Vojo Gardašević

Personal information
- Date of birth: 10 October 1940 (age 85)
- Place of birth: Podgorica, Kingdom of Yugoslavia
- Position: Defender

Youth career
- Budućnost Titograd

Senior career*
- Years: Team / Apps / (Gls)
- 1957–1966: Budućnost Titograd
- 1966–1968: Sutjeska Nikšić
- 1968–1969: Zwolsche Boys / 32 / (2)
- 1969–1971: PEC / 60 / (7)

Managerial career
- 1980-1981: Zeta^{[citation needed]}
- 1981: Al-Tayaran
- 1981: Iraq
- 1996: Kenya
- 1996: Gor Mahia
- 1997–2001: Seychelles
- 2002: Eritrea
- 2002–2005: La Passe
- 2006–2010: Anse Réunion

= Vojo Gardašević =

Montenegrin football manager and player (born 1940)

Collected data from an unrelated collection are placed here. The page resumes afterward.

(* Let $p$ and $s$ be distinct odd primes, $g$ a primitive root modulo $p$, $\zeta$ a primitive $p$-th root of unity in $\overline{\mathbb{F}}_s$, and $G(p)=\langle a,b\mid a^p=1=b^{(p-1)/2},\ b^{-1}ab=a^{g^2}\rangle$. Let $\rho:\langle a\rangle\to\overline{\mathbb{F}}_s^*$ be given by $\rho(a)=\zeta$ and let $\rho^{G(p)}$ be the induced representation. Then $\rho^{G(p)}$ is realizable over $\mathbb{F}_s$ if and only if $\left(\frac{p^*}{s}\right)=1$, where $p^*=(-1)^{(p-1)/2}p$.
   Context: $\left(\frac{\cdot}{s}\right)$ is the Legendre symbol. A representation over $\overline{\mathbb{F}}_s$ is realizable over $\mathbb{F}_s$ if it is equivalent (over $\overline{\mathbb{F}}_s$) to a matrix representation with all matrix entries in $\mathbb{F}_s$. Concretely, with $n=(p-1)/2$, $\rho^{G(p)}$ acts on a space with basis $e_0,\dots,e_{n-1}$ by $ae_i=\zeta^{g^{2i}}e_i$, $be_i=e_{i+1}$ (indices modulo $n$). *)

theory Defs
  imports "HOL-Number_Theory.Number_Theory" "HOL-Computational_Algebra.Polynomial"
    "Jordan_Normal_Form.Matrix"
begin

definition in_prime_field :: "'k :: field \<Rightarrow> bool" where
  "in_prime_field x \<longleftrightarrow> (\<exists>m::nat. x = of_nat m)"

(* 'k is (a model of) the algebraic closure of F_s: algebraically closed, characteristic s,
   and every element is algebraic over F_s, i.e. lies in some finite field F_{s^e}. *)
definition is_alg_closure_of_Fp :: "'k :: alg_closed_field itself \<Rightarrow> nat \<Rightarrow> bool" where
  "is_alg_closure_of_Fp TYPE('k) s \<longleftrightarrow>
     CHAR('k) = s \<and> (\<forall>x::'k. \<exists>e>0. x ^ (s ^ e) = x)"

definition prim_root_of_unity :: "nat \<Rightarrow> 'k :: field \<Rightarrow> bool" where
  "prim_root_of_unity p z \<longleftrightarrow> z ^ p = 1 \<and> (\<forall>k. 0 < k \<and> k < p \<longrightarrow> z ^ k \<noteq> 1)"

(* Matrices of the induced representation rho^{G(p)} on the generators a, b,
   w.r.t. basis e_0..e_{n-1}, n = (p-1)/2:  a e_i = zeta^(g^(2i)) e_i,  b e_i = e_{i+1 mod n}.
   Column j of the matrix is the image of e_j. *)
definition ind_rep_a :: "nat \<Rightarrow> nat \<Rightarrow> 'k :: field \<Rightarrow> 'k mat" where
  "ind_rep_a p g z = mat ((p - 1) div 2) ((p - 1) div 2)
     (\<lambda>(i, j). if i = j then z ^ (g ^ (2 * i)) else 0)"

definition ind_rep_b :: "nat \<Rightarrow> 'k :: field mat" where
  "ind_rep_b p = mat ((p - 1) div 2) ((p - 1) div 2)
     (\<lambda>(i, j). if i = (j + 1) mod ((p - 1) div 2) then 1 else 0)"

definition mat_over_prime_field :: "'k :: field mat \<Rightarrow> bool" where
  "mat_over_prime_field M \<longleftrightarrow>
     (\<forall>i < dim_row M. \<forall>j < dim_col M. in_prime_field (M $$ (i, j)))"

(* A representation given by generator matrices A, B is realizable over F_s iff it is
   equivalent (over 'k) to one with all matrices over F_s; since G(p) is generated by a, b
   and products of F_s-matrices are F_s-matrices, it suffices to conjugate A and B
   simultaneously into F_s-matrices. *)
definition realizable_over_prime_field :: "'k :: field mat \<Rightarrow> 'k mat \<Rightarrow> bool" where
  "realizable_over_prime_field A B \<longleftrightarrow>
     (\<exists>P Q A' B'. similar_mat_wit A' A P Q \<and> similar_mat_wit B' B P Q \<and>
        mat_over_prime_field A' \<and> mat_over_prime_field B')"

end

theory Submission
  imports Defs "Jordan_Normal_Form.Determinant"
begin

(* Realizability of the induced representation rho^G(p) over F_s, by Galois descent along
   the Frobenius map F(x) = x^s of a field of characteristic s.

   In the basis e_0..e_{n-1} (n = (p-1)/2) the generator a acts diagonally with eigenvalues
   z_i = zeta^(g^(2i)), and b acts by the cyclic shift e_j -> e_{j+1}.  A matrix has entries
   in F_s iff it is fixed by F (applied entrywise).  Hence
   - if (A, B) is simultaneously conjugate to a pair over F_s, then F(A) is conjugate to A,
     so F permutes the eigenvalues: z_i^s = z_0 for some i, i.e. g^(2i) s = 1 (mod p), and
     s is a square mod p;
   - conversely, if s = g^(2k) (mod p), then F maps z_j to z_(j+k mod n); for the Vandermonde
     matrix V = (z_j^i) this reads F(V) = V * (shift by k), and conjugating by V turns A and
     the shift B (which commutes with every cyclic shift) into F-fixed matrices.
   Finally, by Euler's criterion and quadratic reciprocity, s is a square mod p iff
   Legendre(p*, s) = 1. *)

definition frobenius_mat :: "'k :: field mat \<Rightarrow> 'k mat" where
  "frobenius_mat M = map_mat (\<lambda>x. x ^ CHAR('k)) M"

lemma of_nat_power_CHAR:
  assumes "prime CHAR('k :: comm_semiring_1)"
  shows "(of_nat m :: 'k) ^ CHAR('k) = of_nat m"
proof (induction m)
  case 0
  show ?case using prime_gt_0_nat[OF assms] by (simp add: power_0_left)
next
  case (Suc m)
  have "(of_nat (Suc m) :: 'k) ^ CHAR('k) = (of_nat m + 1) ^ CHAR('k)" by (simp add: add.commute)
  also have "\<dots> = of_nat m ^ CHAR('k) + 1 ^ CHAR('k)" by (rule freshmans_dream[OF assms refl])
  finally show ?case using Suc by (simp add: add.commute)
qed

(* The prime field consists exactly of the Frobenius-fixed elements: X^s - X has at most s roots,
   and the s distinct elements of the prime field are roots already. *)
lemma in_prime_field_iff_frobenius_fixed:
  fixes x :: "'k :: field"
  assumes char: "prime CHAR('k)"
  shows "in_prime_field x \<longleftrightarrow> x ^ CHAR('k) = x"
proof
  assume "in_prime_field x"
  then show "x ^ CHAR('k) = x"
    using of_nat_power_CHAR[OF char] by (auto simp: in_prime_field_def)
next
  assume fixed: "x ^ CHAR('k) = x"
  let ?s = "CHAR('k)"
  define q :: "'k poly" where "q = monom 1 ?s - [:0, 1:]"
  have s2: "?s \<ge> 2" using prime_ge_2_nat[OF char] .
  have "coeff q ?s = 1" using s2 by (simp add: q_def coeff_pCons split: nat.split)
  then have q0: "q \<noteq> 0" by auto
  have deg: "degree q \<le> ?s" unfolding q_def
    by (rule order.trans[OF degree_diff_le_max]) (use s2 in \<open>auto simp: degree_monom_eq\<close>)
  have roots: "poly q y = 0 \<longleftrightarrow> y ^ ?s = y" for y by (simp add: q_def poly_monom)
  have inj: "inj_on (of_nat :: nat \<Rightarrow> 'k) {..<?s}"
    by (auto simp: inj_on_def of_nat_eq_iff_cong_CHAR cong_def)
  show "in_prime_field x"
  proof (rule ccontr)
    assume "\<not> in_prime_field x"
    then have "x \<notin> of_nat ` {..<?s}" by (auto simp: in_prime_field_def)
    then have "?s + 1 = card (insert x (of_nat ` {..<?s}))" using inj by (simp add: card_image)
    also have "\<dots> \<le> card {y. poly q y = 0}"
      by (rule card_mono[OF poly_roots_finite[OF q0]])
        (use fixed of_nat_power_CHAR[OF char] in \<open>auto simp: roots\<close>)
    also have "\<dots> \<le> degree q" by (rule card_poly_roots_bound[OF q0])
    finally show False using deg by simp
  qed
qed

lemma mat_over_prime_field_iff_frobenius_fixed:
  fixes M :: "'k :: field mat"
  assumes "prime CHAR('k)"
  shows "mat_over_prime_field M \<longleftrightarrow> frobenius_mat M = M"
proof
  assume "mat_over_prime_field M"
  then show "frobenius_mat M = M"
    by (intro eq_matI) (auto simp: mat_over_prime_field_def frobenius_mat_def
        in_prime_field_iff_frobenius_fixed[OF assms])
next
  assume "frobenius_mat M = M"
  then have "(M $$ (i, j)) ^ CHAR('k) = M $$ (i, j)" if "i < dim_row M" "j < dim_col M" for i j
    using that by (metis frobenius_mat_def index_map_mat(1))
  then show "mat_over_prime_field M"
    by (simp add: mat_over_prime_field_def in_prime_field_iff_frobenius_fixed[OF assms])
qed

lemma frobenius_mat_mult:
  fixes A B :: "'k :: field mat"
  assumes char: "prime CHAR('k)" and "A \<in> carrier_mat n m" "B \<in> carrier_mat m l"
  shows "frobenius_mat (A * B) = frobenius_mat A * frobenius_mat B"
proof (rule eq_matI)
  fix i j assume "i < dim_row (frobenius_mat A * frobenius_mat B)"
    "j < dim_col (frobenius_mat A * frobenius_mat B)"
  then have ij: "i < n" "j < l" using assms by (auto simp: frobenius_mat_def)
  have "frobenius_mat (A * B) $$ (i, j) = (\<Sum>k<m. A $$ (i, k) * B $$ (k, j)) ^ CHAR('k)"
    using assms ij by (simp add: frobenius_mat_def scalar_prod_def lessThan_atLeast0)
  also have "\<dots> = (\<Sum>k<m. (A $$ (i, k) * B $$ (k, j)) ^ CHAR('k))"
    by (rule freshmans_dream_sum[OF char refl])
  also have "\<dots> = (frobenius_mat A * frobenius_mat B) $$ (i, j)"
    using assms ij
    by (simp add: frobenius_mat_def scalar_prod_def lessThan_atLeast0 power_mult_distrib)
  finally show "frobenius_mat (A * B) $$ (i, j) = (frobenius_mat A * frobenius_mat B) $$ (i, j)" .
qed (use assms in \<open>auto simp: frobenius_mat_def\<close>)

lemma frobenius_mat_one:
  assumes "prime CHAR('k :: field)"
  shows "frobenius_mat (1\<^sub>m n :: 'k mat) = 1\<^sub>m n"
  using prime_gt_0_nat[OF assms]
  by (intro eq_matI) (auto simp: frobenius_mat_def power_0_left)

lemma frobenius_mat_diag:
  assumes "prime CHAR('k :: field)"
  shows "frobenius_mat (mat_diag n d :: 'k mat) = mat_diag n (\<lambda>i. d i ^ CHAR('k))"
  using prime_gt_0_nat[OF assms]
  by (intro eq_matI) (auto simp: frobenius_mat_def mat_diag_def power_0_left)

(* A Vandermonde matrix with distinct nodes is invertible: a kernel vector would give a nonzero
   polynomial of degree < n with the n roots z_0, ..., z_{n-1}. *)
lemma vandermonde_det_nonzero:
  fixes z :: "nat \<Rightarrow> 'k :: field"
  assumes "inj_on z {..<n}"
  shows "det (mat n n (\<lambda>(i, j). z i ^ j)) \<noteq> 0"
proof
  define V where "V = mat n n (\<lambda>(i, j). z i ^ j)"
  have V: "V \<in> carrier_mat n n" by (simp add: V_def)
  assume "det (mat n n (\<lambda>(i, j). z i ^ j)) = 0"
  then obtain v where v: "v \<in> carrier_vec n" "v \<noteq> 0\<^sub>v n" "V *\<^sub>v v = 0\<^sub>v n"
    using det_0_iff_vec_prod_zero[OF V] by (auto simp: V_def)
  define q where "q = (\<Sum>j<n. monom (v $ j) j)"
  have coeff_q: "coeff q j = (if j < n then v $ j else 0)" for j
    by (simp add: q_def coeff_sum coeff_monom sum.delta' lessThan_def)
  obtain j where j: "j < n" "v $ j \<noteq> 0" using v(1,2) by (metis eq_vecI carrier_vecD index_zero_vec)
  then have q0: "q \<noteq> 0" using coeff_q[of j] by auto
  have deg: "degree q \<le> n - 1" by (rule degree_le) (use coeff_q in auto)
  have roots: "poly q (z i) = 0" if "i < n" for i
  proof -
    have "poly q (z i) = (\<Sum>j<n. z i ^ j * v $ j)"
      by (simp add: q_def poly_sum poly_monom mult.commute)
    also have "\<dots> = (V *\<^sub>v v) $ i"
      using that v(1) by (simp add: V_def scalar_prod_def lessThan_atLeast0)
    finally show ?thesis using v(3) that by simp
  qed
  have "n = card (z ` {..<n})" using assms by (simp add: card_image)
  also have "\<dots> \<le> card {x. poly q x = 0}"
    by (rule card_mono[OF poly_roots_finite[OF q0]]) (use roots in auto)
  also have "\<dots> \<le> degree q" by (rule card_poly_roots_bound[OF q0])
  finally show False using deg j(1) by simp
qed

lemma det_nonzero_imp_inverse:
  fixes A :: "'k :: field mat"
  assumes "A \<in> carrier_mat n n" "det A \<noteq> 0"
  obtains B where "B \<in> carrier_mat n n" "A * B = 1\<^sub>m n" "B * A = 1\<^sub>m n"
  using det_non_zero_imp_unit[OF assms, of "()"] that unfolding Units_def ring_mat_def by auto

definition cyclic_shift_mat :: "nat \<Rightarrow> nat \<Rightarrow> 'a :: semiring_1 mat" where
  "cyclic_shift_mat n m = mat n n (\<lambda>(i, j). if i = (j + m) mod n then 1 else 0)"

lemma mult_cyclic_shift_mat:
  fixes X :: "'a :: semiring_1 mat"
  assumes "X \<in> carrier_mat r n"
  shows "X * cyclic_shift_mat n m = mat r n (\<lambda>(i, j). X $$ (i, (j + m) mod n))"
proof (rule eq_matI)
  fix i j assume "i < dim_row (mat r n (\<lambda>(i, j). X $$ (i, (j + m) mod n)))"
    "j < dim_col (mat r n (\<lambda>(i, j). X $$ (i, (j + m) mod n)))"
  then have ij: "i < r" "j < n" by auto
  have "(X * cyclic_shift_mat n m) $$ (i, j)
      = (\<Sum>l\<in>{0..<n}. X $$ (i, l) * cyclic_shift_mat n m $$ (l, j))"
    using assms ij by (simp add: scalar_prod_def cyclic_shift_mat_def)
  also have "\<dots> = (\<Sum>l\<in>{0..<n}. if l = (j + m) mod n then X $$ (i, l) else 0)"
    by (rule sum.cong) (use ij in \<open>auto simp: cyclic_shift_mat_def\<close>)
  also have "\<dots> = X $$ (i, (j + m) mod n)" using ij by (simp add: sum.delta)
  finally show "(X * cyclic_shift_mat n m) $$ (i, j)
      = mat r n (\<lambda>(i, j). X $$ (i, (j + m) mod n)) $$ (i, j)" using ij by simp
qed (use assms in \<open>auto simp: cyclic_shift_mat_def\<close>)

lemma cyclic_shift_mat_add:
  "cyclic_shift_mat n a * cyclic_shift_mat n b = (cyclic_shift_mat n (a + b) :: 'a :: semiring_1 mat)"
proof -
  have shift_sum: "((j + b) mod n + a) mod n = (j + (a + b)) mod n" for j
  proof -
    have "((j + b) mod n + a) mod n = (j + b + a) mod n" by (rule mod_add_left_eq)
    then show ?thesis by (simp add: ac_simps)
  qed
  have "cyclic_shift_mat n a * cyclic_shift_mat n b
      = mat n n (\<lambda>(i, j). cyclic_shift_mat n a $$ (i, (j + b) mod n) :: 'a)"
    by (rule mult_cyclic_shift_mat) (simp add: cyclic_shift_mat_def)
  also have "\<dots> = cyclic_shift_mat n (a + b)"
    by (rule eq_matI) (auto simp: cyclic_shift_mat_def shift_sum)
  finally show ?thesis .
qed

lemma cyclic_shift_mat_commute:
  "cyclic_shift_mat n a * cyclic_shift_mat n b = (cyclic_shift_mat n b * cyclic_shift_mat n a :: 'a :: semiring_1 mat)"
  by (simp add: cyclic_shift_mat_add add.commute)
lemma has_real_derivative_sine_of_slope:
  "(sine_of_slope has_real_derivative 1 / (sqrt (1 + w\<^sup>2)) ^ 3) (at w)"
proof -
  have p: "1 + w\<^sup>2 > 0" by (simp add: add_pos_nonneg)
  have "(sine_of_slope has_real_derivative
      (sqrt (1 + w\<^sup>2) - w * w / sqrt (1 + w\<^sup>2)) / (sqrt (1 + w\<^sup>2))\<^sup>2) (at w)"
    unfolding sine_of_slope_def[abs_def] using p
    by (auto intro!: derivative_eq_intros simp: power2_eq_square field_simps)
  moreover have "(sqrt (1 + w\<^sup>2) - w * w / sqrt (1 + w\<^sup>2)) / (sqrt (1 + w\<^sup>2))\<^sup>2
      = 1 / (sqrt (1 + w\<^sup>2)) ^ 3"
    using p by (simp add: field_simps power2_eq_square power3_eq_cube)
  ultimately show ?thesis by simp
qed

lemma slope_of_sine_strict_mono:
  assumes "-1 < u" "u < v" "v < 1"
  shows "slope_of_sine u < slope_of_sine v"
proof (rule DERIV_pos_imp_increasing[OF \<open>u < v\<close>])
  fix x assume "u \<le> x" "x \<le> v"
  hence "\<bar>x\<bar> < 1" using assms by auto
  hence "1 - x\<^sup>2 > 0" by (simp add: abs_square_less_1)
  thus "\<exists>y. (slope_of_sine has_real_derivative y) (at x) \<and> y > 0"
    using has_real_derivative_slope_of_sine[OF \<open>\<bar>x\<bar> < 1\<close>] by auto
qed

lemma tendsto_slope_of_sine:
  assumes "(u \<longlongrightarrow> u0) F" "\<bar>u0\<bar> < 1"
  shows "((\<lambda>x. slope_of_sine (u x)) \<longlongrightarrow> slope_of_sine u0) F"
  using isCont_tendsto_compose[OF DERIV_isCont[OF has_real_derivative_slope_of_sine] assms(1)]
    assms(2) .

Vojo Gardašević (born 10 October 1940) is a Montenegrin former football player and coach.

==Playing career==
A defender, Gardašević played most of his career with Budućnost Titograd (1957–1966), including four seasons in the Yugoslav First League and five seasons in the Yugoslav Second League. He also helped the club reach the Yugoslav Cup final in 1965.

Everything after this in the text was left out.